(Dataset entries)
......

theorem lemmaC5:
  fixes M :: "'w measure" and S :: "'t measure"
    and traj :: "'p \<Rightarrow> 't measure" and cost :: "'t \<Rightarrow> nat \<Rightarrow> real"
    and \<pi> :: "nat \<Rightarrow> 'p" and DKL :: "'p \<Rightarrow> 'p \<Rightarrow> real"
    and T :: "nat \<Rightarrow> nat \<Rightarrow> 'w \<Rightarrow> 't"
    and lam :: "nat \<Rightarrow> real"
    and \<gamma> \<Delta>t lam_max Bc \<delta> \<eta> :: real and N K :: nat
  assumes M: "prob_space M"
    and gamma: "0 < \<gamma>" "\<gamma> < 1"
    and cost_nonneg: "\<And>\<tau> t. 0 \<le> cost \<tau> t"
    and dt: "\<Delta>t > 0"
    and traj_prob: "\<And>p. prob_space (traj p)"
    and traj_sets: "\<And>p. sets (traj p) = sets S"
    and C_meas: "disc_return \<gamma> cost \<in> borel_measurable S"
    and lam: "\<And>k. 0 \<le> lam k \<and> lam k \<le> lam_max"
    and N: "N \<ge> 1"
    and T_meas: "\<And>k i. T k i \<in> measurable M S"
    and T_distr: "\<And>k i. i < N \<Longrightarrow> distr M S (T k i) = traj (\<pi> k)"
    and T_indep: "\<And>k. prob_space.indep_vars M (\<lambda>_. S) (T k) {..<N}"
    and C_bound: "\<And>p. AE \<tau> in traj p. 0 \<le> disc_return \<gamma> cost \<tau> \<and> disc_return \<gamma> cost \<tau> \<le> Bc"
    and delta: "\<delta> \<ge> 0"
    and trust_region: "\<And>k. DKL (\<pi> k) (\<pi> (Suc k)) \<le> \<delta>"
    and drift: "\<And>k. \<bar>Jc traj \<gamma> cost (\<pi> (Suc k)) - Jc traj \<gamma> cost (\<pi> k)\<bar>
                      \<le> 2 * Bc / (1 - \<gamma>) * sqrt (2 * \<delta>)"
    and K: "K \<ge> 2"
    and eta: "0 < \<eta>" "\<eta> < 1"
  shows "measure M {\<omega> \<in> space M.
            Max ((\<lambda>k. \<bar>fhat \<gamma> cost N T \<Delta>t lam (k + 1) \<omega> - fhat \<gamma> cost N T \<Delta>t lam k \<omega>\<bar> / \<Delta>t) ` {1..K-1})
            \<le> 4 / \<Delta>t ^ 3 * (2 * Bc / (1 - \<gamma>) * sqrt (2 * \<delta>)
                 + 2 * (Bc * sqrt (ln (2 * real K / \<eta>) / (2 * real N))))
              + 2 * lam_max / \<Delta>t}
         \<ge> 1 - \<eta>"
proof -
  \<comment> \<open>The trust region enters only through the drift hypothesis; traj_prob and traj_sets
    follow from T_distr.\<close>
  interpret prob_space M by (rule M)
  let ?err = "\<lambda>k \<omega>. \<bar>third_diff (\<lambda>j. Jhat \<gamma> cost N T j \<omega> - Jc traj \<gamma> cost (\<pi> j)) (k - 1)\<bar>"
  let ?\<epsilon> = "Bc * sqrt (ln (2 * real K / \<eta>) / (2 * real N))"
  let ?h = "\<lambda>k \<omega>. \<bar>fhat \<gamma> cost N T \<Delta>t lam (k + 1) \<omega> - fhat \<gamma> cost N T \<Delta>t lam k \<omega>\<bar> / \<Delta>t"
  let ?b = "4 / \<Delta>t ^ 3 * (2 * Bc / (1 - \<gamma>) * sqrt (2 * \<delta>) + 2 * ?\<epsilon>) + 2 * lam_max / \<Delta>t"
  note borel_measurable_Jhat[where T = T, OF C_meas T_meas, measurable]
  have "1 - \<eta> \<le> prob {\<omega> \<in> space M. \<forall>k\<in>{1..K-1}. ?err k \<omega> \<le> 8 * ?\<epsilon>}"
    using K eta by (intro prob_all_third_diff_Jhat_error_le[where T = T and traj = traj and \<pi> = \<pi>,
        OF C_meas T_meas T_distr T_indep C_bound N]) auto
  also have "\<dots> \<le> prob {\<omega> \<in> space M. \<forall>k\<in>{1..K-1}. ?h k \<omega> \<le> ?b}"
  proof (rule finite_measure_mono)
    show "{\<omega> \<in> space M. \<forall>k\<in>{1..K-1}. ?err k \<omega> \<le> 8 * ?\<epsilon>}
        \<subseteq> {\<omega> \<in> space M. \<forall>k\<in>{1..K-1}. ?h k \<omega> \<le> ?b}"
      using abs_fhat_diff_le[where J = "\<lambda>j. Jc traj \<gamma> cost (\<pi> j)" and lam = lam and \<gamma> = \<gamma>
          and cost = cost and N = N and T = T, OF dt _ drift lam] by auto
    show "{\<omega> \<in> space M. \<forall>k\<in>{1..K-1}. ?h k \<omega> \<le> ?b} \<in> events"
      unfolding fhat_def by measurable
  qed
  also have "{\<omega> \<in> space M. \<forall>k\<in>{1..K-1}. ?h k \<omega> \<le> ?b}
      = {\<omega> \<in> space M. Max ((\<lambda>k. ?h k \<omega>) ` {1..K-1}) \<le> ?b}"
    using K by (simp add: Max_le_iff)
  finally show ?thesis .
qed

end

......

■ EXERCISE BRIEF: Would you tally the lines above that include "have" and reply with only the total?

■ ANSWER BOX: 3